* [Exercise brief] Scan the entries for the word "forall" and report how many lines contain it, as a number with no other words.

* [Exercise materials]
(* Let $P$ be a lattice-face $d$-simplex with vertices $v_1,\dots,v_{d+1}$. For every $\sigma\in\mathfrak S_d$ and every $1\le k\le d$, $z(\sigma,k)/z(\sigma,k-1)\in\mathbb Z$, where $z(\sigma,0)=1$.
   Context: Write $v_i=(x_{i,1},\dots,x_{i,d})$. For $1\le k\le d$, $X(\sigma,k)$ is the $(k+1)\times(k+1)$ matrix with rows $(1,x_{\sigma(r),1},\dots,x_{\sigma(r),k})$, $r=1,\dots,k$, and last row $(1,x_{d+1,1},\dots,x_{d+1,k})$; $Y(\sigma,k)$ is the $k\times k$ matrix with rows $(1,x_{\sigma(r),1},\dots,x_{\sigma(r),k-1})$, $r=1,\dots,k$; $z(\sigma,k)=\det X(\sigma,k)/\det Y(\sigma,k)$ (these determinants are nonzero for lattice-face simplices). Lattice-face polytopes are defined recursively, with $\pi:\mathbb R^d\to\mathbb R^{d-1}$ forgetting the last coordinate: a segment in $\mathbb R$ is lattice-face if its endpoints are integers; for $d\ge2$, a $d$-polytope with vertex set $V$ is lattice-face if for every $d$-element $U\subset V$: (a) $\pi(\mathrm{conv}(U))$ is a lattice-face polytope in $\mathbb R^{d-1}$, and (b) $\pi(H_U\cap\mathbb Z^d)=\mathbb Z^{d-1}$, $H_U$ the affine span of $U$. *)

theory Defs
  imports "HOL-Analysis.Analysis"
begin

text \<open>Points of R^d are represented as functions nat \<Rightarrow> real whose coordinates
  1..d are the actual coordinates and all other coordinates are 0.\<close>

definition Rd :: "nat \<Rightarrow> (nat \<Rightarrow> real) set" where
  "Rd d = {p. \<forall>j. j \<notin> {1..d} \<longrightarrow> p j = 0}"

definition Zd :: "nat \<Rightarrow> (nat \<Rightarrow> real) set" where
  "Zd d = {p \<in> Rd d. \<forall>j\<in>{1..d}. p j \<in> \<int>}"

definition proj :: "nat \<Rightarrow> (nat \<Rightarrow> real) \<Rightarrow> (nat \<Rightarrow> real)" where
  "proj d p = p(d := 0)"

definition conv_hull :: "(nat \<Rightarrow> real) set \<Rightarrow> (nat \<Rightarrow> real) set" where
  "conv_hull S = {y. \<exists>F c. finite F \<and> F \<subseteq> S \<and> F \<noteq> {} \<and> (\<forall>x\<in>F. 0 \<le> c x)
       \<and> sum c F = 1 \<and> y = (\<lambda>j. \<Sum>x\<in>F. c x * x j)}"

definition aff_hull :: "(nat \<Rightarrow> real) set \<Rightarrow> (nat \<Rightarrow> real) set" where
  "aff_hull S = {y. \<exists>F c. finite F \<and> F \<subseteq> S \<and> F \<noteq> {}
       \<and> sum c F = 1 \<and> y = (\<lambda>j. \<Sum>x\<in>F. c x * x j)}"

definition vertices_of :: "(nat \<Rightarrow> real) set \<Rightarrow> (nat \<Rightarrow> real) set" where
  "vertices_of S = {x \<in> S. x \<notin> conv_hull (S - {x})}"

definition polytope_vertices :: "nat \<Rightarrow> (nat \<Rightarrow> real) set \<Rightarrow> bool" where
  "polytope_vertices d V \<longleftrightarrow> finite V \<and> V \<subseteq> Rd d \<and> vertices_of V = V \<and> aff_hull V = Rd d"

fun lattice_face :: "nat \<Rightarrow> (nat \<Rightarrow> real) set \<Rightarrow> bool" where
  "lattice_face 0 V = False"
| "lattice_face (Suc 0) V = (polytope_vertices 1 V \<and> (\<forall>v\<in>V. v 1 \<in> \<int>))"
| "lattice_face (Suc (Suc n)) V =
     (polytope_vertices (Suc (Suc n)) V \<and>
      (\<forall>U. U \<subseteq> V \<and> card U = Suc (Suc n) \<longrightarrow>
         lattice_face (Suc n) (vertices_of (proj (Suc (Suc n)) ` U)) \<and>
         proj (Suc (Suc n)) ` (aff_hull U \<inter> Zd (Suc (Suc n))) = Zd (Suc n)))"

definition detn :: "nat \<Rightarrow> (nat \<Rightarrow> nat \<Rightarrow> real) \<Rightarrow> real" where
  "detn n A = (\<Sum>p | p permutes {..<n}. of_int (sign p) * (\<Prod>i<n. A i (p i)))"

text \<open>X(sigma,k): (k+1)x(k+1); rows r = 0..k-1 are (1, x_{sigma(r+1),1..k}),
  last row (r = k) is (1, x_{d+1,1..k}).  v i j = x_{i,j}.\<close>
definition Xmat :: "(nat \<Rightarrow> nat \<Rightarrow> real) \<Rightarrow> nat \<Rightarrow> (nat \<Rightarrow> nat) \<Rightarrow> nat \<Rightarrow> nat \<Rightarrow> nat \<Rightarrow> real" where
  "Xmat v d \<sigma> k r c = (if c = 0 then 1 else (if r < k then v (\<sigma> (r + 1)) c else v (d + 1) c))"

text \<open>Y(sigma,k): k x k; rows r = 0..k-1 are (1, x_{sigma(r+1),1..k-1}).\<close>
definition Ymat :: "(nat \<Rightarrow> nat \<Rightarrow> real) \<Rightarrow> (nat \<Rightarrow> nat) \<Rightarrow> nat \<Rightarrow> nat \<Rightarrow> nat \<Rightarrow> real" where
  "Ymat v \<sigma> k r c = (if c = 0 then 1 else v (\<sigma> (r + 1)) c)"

* [Solution to this task] 5